Food assistance benefits are unlikely to explain the overarching improving trend in food security, as benefits were cut in South Carolina in fall 2013 due to the expiration of a recession-triggered boost to SNAP and cut again in spring 2016 when they were restricted to 3 months every 3 years accompanying the reinstatement of the work requirement for able-bodied adults without dependents (Concannon, 2013). It is possible that reliance on emergency, supplemental, or subsidized food sources, which was very common in this sample, buffered the cuts to benefits (Sharpe et al., 2018). However, food insecurity levels were still high in the summer of 2016 with 51% of the sample affected.

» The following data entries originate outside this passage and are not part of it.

lemma mtrace_mult_minus_right:
  assumes A: "A \<in> carrier_mat m m" and X: "X \<in> carrier_mat m m" and Y: "Y \<in> carrier_mat m m"
  shows "mtrace (A * (X - Y)) = mtrace (A * X) - mtrace (A * Y)"
proof -
  have "mtrace (A * (X - Y)) = (\<Sum>i<m. \<Sum>k<m. A $$ (i, k) * (X $$ (k, i) - Y $$ (k, i)))"
    unfolding mtrace_mult[OF A minus_carrier_mat[OF Y]] using X Y by (intro sum.cong) auto
  then show ?thesis by (simp add: mtrace_mult[OF A X] mtrace_mult[OF A Y] right_diff_distrib sum_subtractf)
qed

lemma Phi_carrier: "Phi n a b c Q \<in> carrier_mat (n+1) (n+1)"
  by (simp add: Phi_def)

lemma Bop_minus:
  assumes "X \<in> carrier_mat (n+1) (n+1)" "Y \<in> carrier_mat (n+1) (n+1)"
  shows "Bop n N a b c Q (X - Y) = Bop n N a b c Q X - Bop n N a b c Q Y"
  using mtrace_mult_minus_right[OF Phi_carrier assms] by (auto simp: Bop_def)

lemma mtrace_Phi_mult_lift_outer:
  assumes x: "x \<in> carrier_vec n" and b: "b \<in> carrier_vec n" and c: "c \<in> carrier_vec n"
    and Q: "Q \<in> carrier_mat n n"
  shows "mtrace (Phi n a b c Q * lift_outer x) =
     a + (conjugate b \<bullet> x) + (conjugate x \<bullet> c) + (conjugate x \<bullet> (Q *\<^sub>v x))"
proof -
  let ?u = "vCons 1 x"
  have "mtrace (Phi n a b c Q * lift_outer x) =
     (\<Sum>i<n+1. \<Sum>k<n+1. Phi n a b c Q $$ (i, k) * (?u $ k * cnj (?u $ i)))"
    using mtrace_mult[OF Phi_carrier lift_outer_carrier[OF x]] x by (simp add: lift_outer_def Let_def)
  also have "\<dots> = a + (\<Sum>k<n. cnj (b $ k) * x $ k) + (\<Sum>i<n. c $ i * cnj (x $ i))
      + (\<Sum>i<n. \<Sum>k<n. Q $$ (i, k) * (x $ k * cnj (x $ i)))"
    by (simp del: sum.lessThan_Suc add: sum.lessThan_Suc_shift Phi_def sum.distrib algebra_simps)
  also have "\<dots> = a + (conjugate b \<bullet> x) + (conjugate x \<bullet> c) + (conjugate x \<bullet> (Q *\<^sub>v x))"
    using x b c Q by (simp add: scalar_prod_def atLeast0LessThan sum_distrib_left algebra_simps)
  finally show ?thesis .
qed

lemma feasibleP_iff_Bop_lift_outer:
  assumes b: "\<And>i. i < N \<Longrightarrow> b i \<in> carrier_vec n" and c: "\<And>i. i < N \<Longrightarrow> c i \<in> carrier_vec n"
    and Q: "\<And>i. i < N \<Longrightarrow> Q i \<in> carrier_mat n n"
    and y: "y \<in> carrier_vec N" and x: "x \<in> carrier_vec n"
  shows "feasibleP n N a b c Q y x \<longleftrightarrow> Bop n N a b c Q (lift_outer x) = y"
  using x y mtrace_Phi_mult_lift_outer[OF x b c Q]
  by (auto simp: feasibleP_def Bop_def intro!: eq_vecI)

lemma mnnz_lift_outer:
  assumes x: "x \<in> carrier_vec n"
  shows "mnnz (lift_outer x) = Suc (vnnz x) * Suc (vnnz x)"
proof -
  define S where "S = {i. i < n+1 \<and> vCons 1 x $ i \<noteq> 0}"
  have "S = insert 0 (Suc ` {i. i < n \<and> x $ i \<noteq> 0})"
    unfolding S_def by (auto simp: less_Suc_eq_0_disj)
  then have card_S: "card S = Suc (vnnz x)"
    unfolding vnnz_def using x by (simp add: card_image)
  have "{(i, j). i < dim_row (lift_outer x) \<and> j < dim_col (lift_outer x) \<and> lift_outer x $$ (i, j) \<noteq> 0}
        = S \<times> S"
    using x unfolding S_def lift_outer_def Let_def by auto
  then show ?thesis unfolding mnnz_def using card_S by (simp add: card_cartesian_product)
qed

lemma mnnz_minus_le:
  assumes "X \<in> carrier_mat m m" "Y \<in> carrier_mat m m"
  shows "mnnz (X - Y) \<le> mnnz X + mnnz Y"
proof -
  let ?supp = "\<lambda>X. {(i, j). i < dim_row X \<and> j < dim_col X \<and> X $$ (i, j) \<noteq> 0}"
  have fin: "finite (?supp X)" for X
    by (rule finite_subset[of _ "{..<dim_row X} \<times> {..<dim_col X}"]) auto
  have "?supp (X - Y) \<subseteq> ?supp X \<union> ?supp Y" using assms by auto
  then have "card (?supp (X - Y)) \<le> card (?supp X \<union> ?supp Y)" using fin by (intro card_mono) auto
  also have "\<dots> \<le> card (?supp X) + card (?supp Y)" by (rule card_Un_le)
  finally show ?thesis unfolding mnnz_def .
qed

lemma RIP_inj_on_sparse:
  assumes X: "X \<in> carrier_mat (n+1) (n+1)" and Y: "Y \<in> carrier_mat (n+1) (n+1)"
    and B: "Bop n N a b c Q X = Bop n N a b c Q Y"
    and eps: "eps < 1" and RIP: "is_RIP n N a b c Q eps k" and sparse: "mnnz X + mnnz Y \<le> k"
  shows "X = Y"
proof (rule ccontr)
  assume "X \<noteq> Y"
  then obtain i j where "i < n+1" "j < n+1" "X $$ (i, j) \<noteq> Y $$ (i, j)"
    using X Y by (metis eq_matI carrier_matD)
  then have "X - Y \<noteq> 0\<^sub>m (n+1) (n+1)"
    using X Y by (metis index_minus_mat(1) index_zero_mat(1) carrier_matD right_minus_eq)
  moreover have "mnnz (X - Y) \<le> k" using mnnz_minus_le[OF X Y] sparse by simp
  moreover have "Bop n N a b c Q (X - Y) = 0\<^sub>v N"
    using Bop_minus[OF X Y] B by (simp add: Bop_def)
  \<comment> \<open>the RIP quotient is 0 whatever the spectral norm of X - Y is\<close>
  ultimately have "\<bar>0 / (spec_norm (X - Y))\<^sup>2 - 1\<bar> < eps"
    using RIP X Y unfolding is_RIP_def by (force simp: vnorm_def)
  then show False using eps by simp
qed

lemma lifted_eq_lift_outer_optimal:
  assumes b: "\<And>i. i < N \<Longrightarrow> b i \<in> carrier_vec n" and c: "\<And>i. i < N \<Longrightarrow> c i \<in> carrier_vec n"
    and Q: "\<And>i. i < N \<Longrightarrow> Q i \<in> carrier_mat n n"
    and y: "y \<in> carrier_vec N"
    and opt: "optimalP n N a b c Q y x0"
    and lifted: "lifted_props n N a b c Q y X"
    and eps: "eps < 1" and RIP: "is_RIP n N a b c Q eps (2 * mnnz X)"
  shows "X = lift_outer x0"
proof -
  let ?x = "first_col_tail n X"
  have X: "X \<in> carrier_mat (n+1) (n+1)" and BX: "Bop n N a b c Q X = y"
    using lifted by (auto simp: lifted_props_def)
  have X_lift: "X = lift_outer ?x"
    using lifted by (intro hermitian_rank_one_eq_lift_outer) (auto simp: lifted_props_def)
  have x: "?x \<in> carrier_vec n" by (simp add: first_col_tail_def)
  have "feasibleP n N a b c Q y ?x"
    using feasibleP_iff_Bop_lift_outer[OF b c Q y x] BX X_lift by simp
  then have x0: "x0 \<in> carrier_vec n" and feas0: "feasibleP n N a b c Q y x0"
    and sparser: "vnnz x0 \<le> vnnz ?x"
    using opt unfolding optimalP_def feasibleP_def by auto
  have "Bop n N a b c Q (lift_outer x0) = y"
    using feasibleP_iff_Bop_lift_outer[OF b c Q y x0] feas0 by simp
  moreover have "mnnz (lift_outer x0) \<le> mnnz X"
    using mnnz_lift_outer[OF x0] mnnz_lift_outer[OF x] sparser X_lift by (metis Suc_le_mono mult_le_mono)
  ultimately show ?thesis
    using RIP_inj_on_sparse[OF X lift_outer_carrier[OF x0] _ eps RIP] BX by simp
qed

theorem theorem1:
  fixes n N :: nat and a :: "nat \<Rightarrow> complex" and b c :: "nat \<Rightarrow> complex vec"
    and Q :: "nat \<Rightarrow> complex mat" and y xbar :: "complex vec" and Xs :: "complex mat"
    and eps :: real
  assumes "n \<ge> 1" and "N \<ge> 1"
    and "\<And>i. i < N \<Longrightarrow> b i \<in> carrier_vec n"
    and "\<And>i. i < N \<Longrightarrow> c i \<in> carrier_vec n"
    and "\<And>i. i < N \<Longrightarrow> Q i \<in> carrier_mat n n"
    and "y \<in> carrier_vec N"
    and "optimalP n N a b c Q y xbar"
    and "lifted_props n N a b c Q y Xs"
    and "eps < 1"
    and "is_RIP n N a b c Q eps (2 * mnnz Xs)"
  shows "Xs = lift_outer xbar \<and> first_col_tail n Xs = xbar \<and>
         (\<forall>X. lifted_props n N a b c Q y X \<and>
             (\<exists>eps'. eps' < 1 \<and> is_RIP n N a b c Q eps' (2 * mnnz X)) \<longrightarrow> X = Xs) \<and>
         (\<forall>x. optimalP n N a b c Q y x \<longrightarrow> x = xbar)"
proof -
  have lift_optimal: "X = lift_outer x0" if "optimalP n N a b c Q y x0"
    and "lifted_props n N a b c Q y X" and "e < 1" and "is_RIP n N a b c Q e (2 * mnnz X)" for X x0 e
    using assms(3-6) that by (rule lifted_eq_lift_outer_optimal)
  have Xs: "Xs = lift_outer xbar" by (rule lift_optimal[OF assms(7-10)])
  have "xbar \<in> carrier_vec n" using assms(7) by (simp add: optimalP_def feasibleP_def)
  then have tail: "first_col_tail n Xs = xbar" using Xs first_col_tail_lift_outer by simp
  have "X = Xs" if "lifted_props n N a b c Q y X"
    and "\<exists>eps'. eps' < 1 \<and> is_RIP n N a b c Q eps' (2 * mnnz X)" for X
    using that lift_optimal[OF assms(7)] Xs by blast
  moreover have "x = xbar" if "optimalP n N a b c Q y x" for x
  proof -
    have "x \<in> carrier_vec n" using that by (simp add: optimalP_def feasibleP_def)
    then show ?thesis using lift_optimal[OF that assms(8-10)] tail first_col_tail_lift_outer by simp
  qed
  ultimately show ?thesis using Xs tail by blast
qed

end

Moreover, more than one-third (37%) of the households experienced persistent food insecurity at all three time points, 46% were food insecure at the first and second assessment period, 36% transitioned between food security states and only 27% had persistent food security. To the best of our knowledge, this magnitude of food insecurity over time has only been reported in the US among households of children enrolled in the Head Start in Michigan which reported 54% persistent food insecurity over a one-year period, 36% transient food insecurity and 10% persistent food security.(Jansen et al., 2017) Estimates of other studies are substantially lower and range from 1% to 15% for persistent food insecurity (Hernandez & Jacknowitz, 2009; Whitaker & Sarin, 2007; Wilde et al., 2010).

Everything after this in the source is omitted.